本发明公开了一种优化后适用于大肠杆菌表达的3‑氯邻苯二酚降解基因簇及其应用。该基因簇包含四个相关基因,每个基因都由独立的T7启动子和终止子控制,其核苷酸序列分别如SEQ ID No 1、SEQ ID No 2、SEQ ID No 3和SEQ ID No 4所示,其编码的蛋白质的氨基酸序列分别如SEQ ID No 5、SEQ ID No 6、SEQ ID No 7和SEQ ID No 8所示。本发明优化合成的基因能够在大肠杆菌中成功表达,发现阳性株系不仅能够降解3‑氯邻苯二酚,还可以降解邻苯二酚和4‑氯邻苯二酚,因此本发明所优化的基因簇可用于制备降解3‑氯邻苯二酚、邻苯二酚和4‑氯邻苯二酚的微生物。

Description

3-氯邻苯二酚降解基因簇的优化重组与应用
技术领域
本发明属于基因工程领域,具体涉及结构优化的、包含3-氯邻苯二酚降解相关四个基因的基因簇序列。
背景技术
随着社会的不断进步和工农业的飞速发展,有机污染物在土壤中的含量急剧上升,它们大多具有“致癌、致畸、致突变”作用,严重危及到了人类的生存环境。上海地区随着产业结构的升级,工业企业搬迁后腾出的土地是有机污染的重点区域,同时,固体废物的堆放倾倒、有害废水向土壤中的渗透及污水灌溉也是造成土壤有机污染的重要来源。因此,如何有效清除环境中存在的有机污染物已经成为急需解决的问题。

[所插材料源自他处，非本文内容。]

lemma convex_on_decision_cost:
  assumes H: "convex_on (Rset P) H" and r: "r \<in> Rset P"
  shows "convex_on (Xset P r) (\<lambda>x. x * p + H (r + x))"
proof (rule convex_on_add)
  show "convex_on (Xset P r) (\<lambda>x. x * p)"
    by (intro convex_on_linear linearI) (simp_all add: algebra_simps)
  show "convex_on (Xset P r) (\<lambda>x. H (r + x))"
    using convex_on_compose_affine[OF H linear_ident convex_Xset add_mem_Rset[OF r]] .
qed

lemma convex_on_Bellman_INF:
  assumes P: "params_ok P" and H: "convex_on (Rset P) H"
  shows "convex_on (Rset P) (\<lambda>r. INF x\<in>Xset P r. x * p - c + H (r + x))"
proof (rule convex_on_partial_INF)
  have "linear (\<lambda>z :: real \<times> real. fst z + snd z)" "linear (\<lambda>z :: real \<times> real. snd z * p)"
    by (auto intro!: linearI simp: algebra_simps)
  then have "convex_on (Sigma (Rset P) (Xset P)) (\<lambda>z. (snd z * p + - c) + H (0 + (fst z + snd z)))"
    using add_mem_Rset
    by (intro convex_on_add convex_on_linear convex_on_const[THEN iffD2] convex_charging_graph
        convex_on_compose_affine[OF H]) auto
  then show "convex_on (Sigma (Rset P) (Xset P)) (\<lambda>(r, x). x * p - c + H (r + x))"
    by (simp add: case_prod_unfold)
next
  fix r assume r: "r \<in> Rset P"
  show "Xset P r \<noteq> {}" using zero_mem_Xset[OF P r] by blast
  have "convex_on (Xset P r) (\<lambda>x. (x * p + H (r + x)) + - c)"
    by (intro convex_on_add convex_on_decision_cost[OF H r] convex_on_const[THEN iffD2] convex_Xset)
  then show "bdd_below ((\<lambda>x. x * p - c + H (r + x)) ` Xset P r)"
    unfolding Xset_def by (auto intro: convex_on_Icc_bdd_below simp: algebra_simps)
qed

lemma V_eq_INF_Vt:
  assumes "t < Hor P"
  shows "V P lb ab t r p = (INF x\<in>Xset P r. x * p - cf P + Vt P lb ab t (r + x) p)"
proof -
  have "Hor P - t = Suc (Hor P - Suc t)" "Hor P - Suc (Hor P - Suc t) = t" using assms by auto
  then show ?thesis by (simp add: V_def Vt_def Let_def)
qed

theorem proposition1:
  fixes P :: ev_params and lb ab :: "nat \<Rightarrow> real" and p :: real
  assumes params: "params_ok P"
    and risk: "\<forall>t \<le> Hor P. 0 \<le> lb t \<and> lb t \<le> 1 \<and> 0 < ab t \<and> ab t < 1"
    and wellposed_T: "\<forall>r \<in> Rset P. \<forall>q. integrable (noise P)
        (\<lambda>z. term_cost P r (q * exp (- kapY P) + shift P (Hor P) + z - seas P (real (Hor P) + 1)))"
    and wellposed: "\<forall>t < Hor P. \<forall>r \<in> Rset P. \<forall>q. integrable (noise P)
        (\<lambda>z. V P lb ab (Suc t) r (q * exp (- kapY P) + shift P t + z))"
  shows "(\<forall>t < Hor P.
            (\<forall>r \<in> Rset P. convex_on (Xset P r) (\<lambda>x. x * p + Vt P lb ab t (r + x) p))
          \<and> convex_on (Rset P) (\<lambda>r. Vt P lb ab t r p)
          \<and> convex_on (Rset P) (\<lambda>r. V P lb ab t r p))
       \<and> convex_on (Rset P) (\<lambda>r. V P lb ab (Hor P) r p)"
proof -
  note M = prob_space_noise[OF params]
  have lb: "0 \<le> lb t" "lb t \<le> 1" and ab: "0 \<le> ab t" "ab t < 1" if "t \<le> Hor P" for t
    using risk that by auto
  have V_terminal: "convex_on (Rset P) (\<lambda>r. V P lb ab (Hor P) r q)" for q
    unfolding V_def Wv.simps VTT_def diff_self_eq_0
    using wellposed_T convex_on_term_cost[OF params]
    by (intro convex_on_rho[OF M lb ab convex_Rset]) auto
  have Vt: "convex_on (Rset P) (\<lambda>r. Vt P lb ab t r q)"
    if "t < Hor P" and "\<And>q. convex_on (Rset P) (\<lambda>r. V P lb ab (Suc t) r q)" for t q
    unfolding Vt_def using that wellposed
    by (intro convex_on_rho[OF M lb ab convex_Rset]) auto
  have V: "convex_on (Rset P) (\<lambda>r. V P lb ab t r q)" if "t \<le> Hor P" for t q
    using that
  proof (induction t arbitrary: q rule: inc_induct)
    case base show ?case by (rule V_terminal)
  next
    case (step t) then show ?case
      by (simp only: V_eq_INF_Vt) (intro convex_on_Bellman_INF[OF params] Vt)
  qed
  have Vt_all: "convex_on (Rset P) (\<lambda>r. Vt P lb ab t r q)" if "t < Hor P" for t q
    using that V by (intro Vt) auto
  show ?thesis
    using convex_on_decision_cost[OF Vt_all] Vt_all V V_terminal by auto
qed

end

氯代芳香族化合物广泛应用于生产和生活的方方面面。酚类化合物是煤、石油等化工业排放的一类重要污染物,特别是氯代酚类常做为防腐剂、防锈剂、杀菌剂等应用。氯代苯类化合物在农药、制药、染料、溶剂等生产中广泛存在,它们能够通过食物链进入人体,对人的肝脏、肾脏和神经系统造成损害。微生物是生态循环中的分解者,并且具有极强的适应性,其中很多能够降解氯代芳香族化合物并以这些物质为碳源和能源生长。通过研究发现,许多氯代芳香族化合物的降解都能够先通过不同的代谢途径转化为3-氯邻苯二酚或4-氯邻苯二酚,再经过相同或相似的途径打开苯环,最终为微生物所利用。例如,有研究发现,一种红球菌(Rhodococcus opacus 1CP)对2-氯苯酚的降解就是通过先将其转化为3-氯邻苯二酚后再通过开环并最终利用的(Journal of Bacteriology, 184 (2002): 5282-5292)。
生物修复是一种极具潜力污染修复方式,但目前可供利用的微生物还十分有限,且难以适应不同环境条件下的应用需求。因此,如果我们能够通过生物技术手段,有目的的赋予目标生物污染物降解的能力,将极大的拓展可供利用的生物范围、促进生物修复的广泛应用,为生态环境的保护与修复提供技术支持。
发明内容
本发明所要解决的技术问题在于提供能够在大肠杆菌中表达的3-氯邻苯二酚降解相关四个基因:clcA: 氯代邻苯二酚1,2双加氧酶、clcB: 氯代氯粘康酸环异构酶、clcD:编码二烯内酯水解酶、clcE: 编码二烯内酯水解酶,3-氯邻苯二酚经过连续四步酶促反应生成β-酮己二酸。
基于Pseudomonas putida菌原始转座子(AJ617740.2),该转座子全长105032bp,其中包含多个结构基因和大量未知功能的开放阅读框。本发明所涉及的四个基因成簇存在,该段序列还包含了一个转录调节因子基因和一个未知功能的开放阅读框。本发明针对四个结构基因:clcAclcBclcDclcE进行基因结构优化与重组,并分别为每个基因连接上独立的T7启动子和终止子调控其表达。对编码区基因结构的优化遵循以下原则:(一)优化基因密码子,提高基因翻译效率。(二)消除基因内部的常用限制性内切酶的识别位点,便于表达盒构建。(三)消除逆向重复序列、茎环结构和转录终止信号,使基因内部的GC/AT均衡,提高RNA的稳定性。(四)使基因编码蛋白符合N端原则,以提高翻译蛋白的稳定性。(五)优化mRNA二级结构自由能,以提高基因表达效率。
所述经优化的3-氯邻苯二酚降解相关四个基因的核苷酸序列如SEQ ID No 1、SEQID No 2、SEQ ID No 3和SEQ ID No 4所示。每个基因两端分别边上T7启动子与终止子,完整序列两端分别连接EcoRⅠ和HindⅢ酶切位点,全长序列由生工生物工程(上海)有限公司合成。
将合成的基因片段经EcoRⅠ和Hind Ⅲ双酶切后,连入相同酶切的载体pET-28a,得到重组质粒pET-clc(参见图1),并将其转化大肠杆菌BL21(DE3),得到阳性株系。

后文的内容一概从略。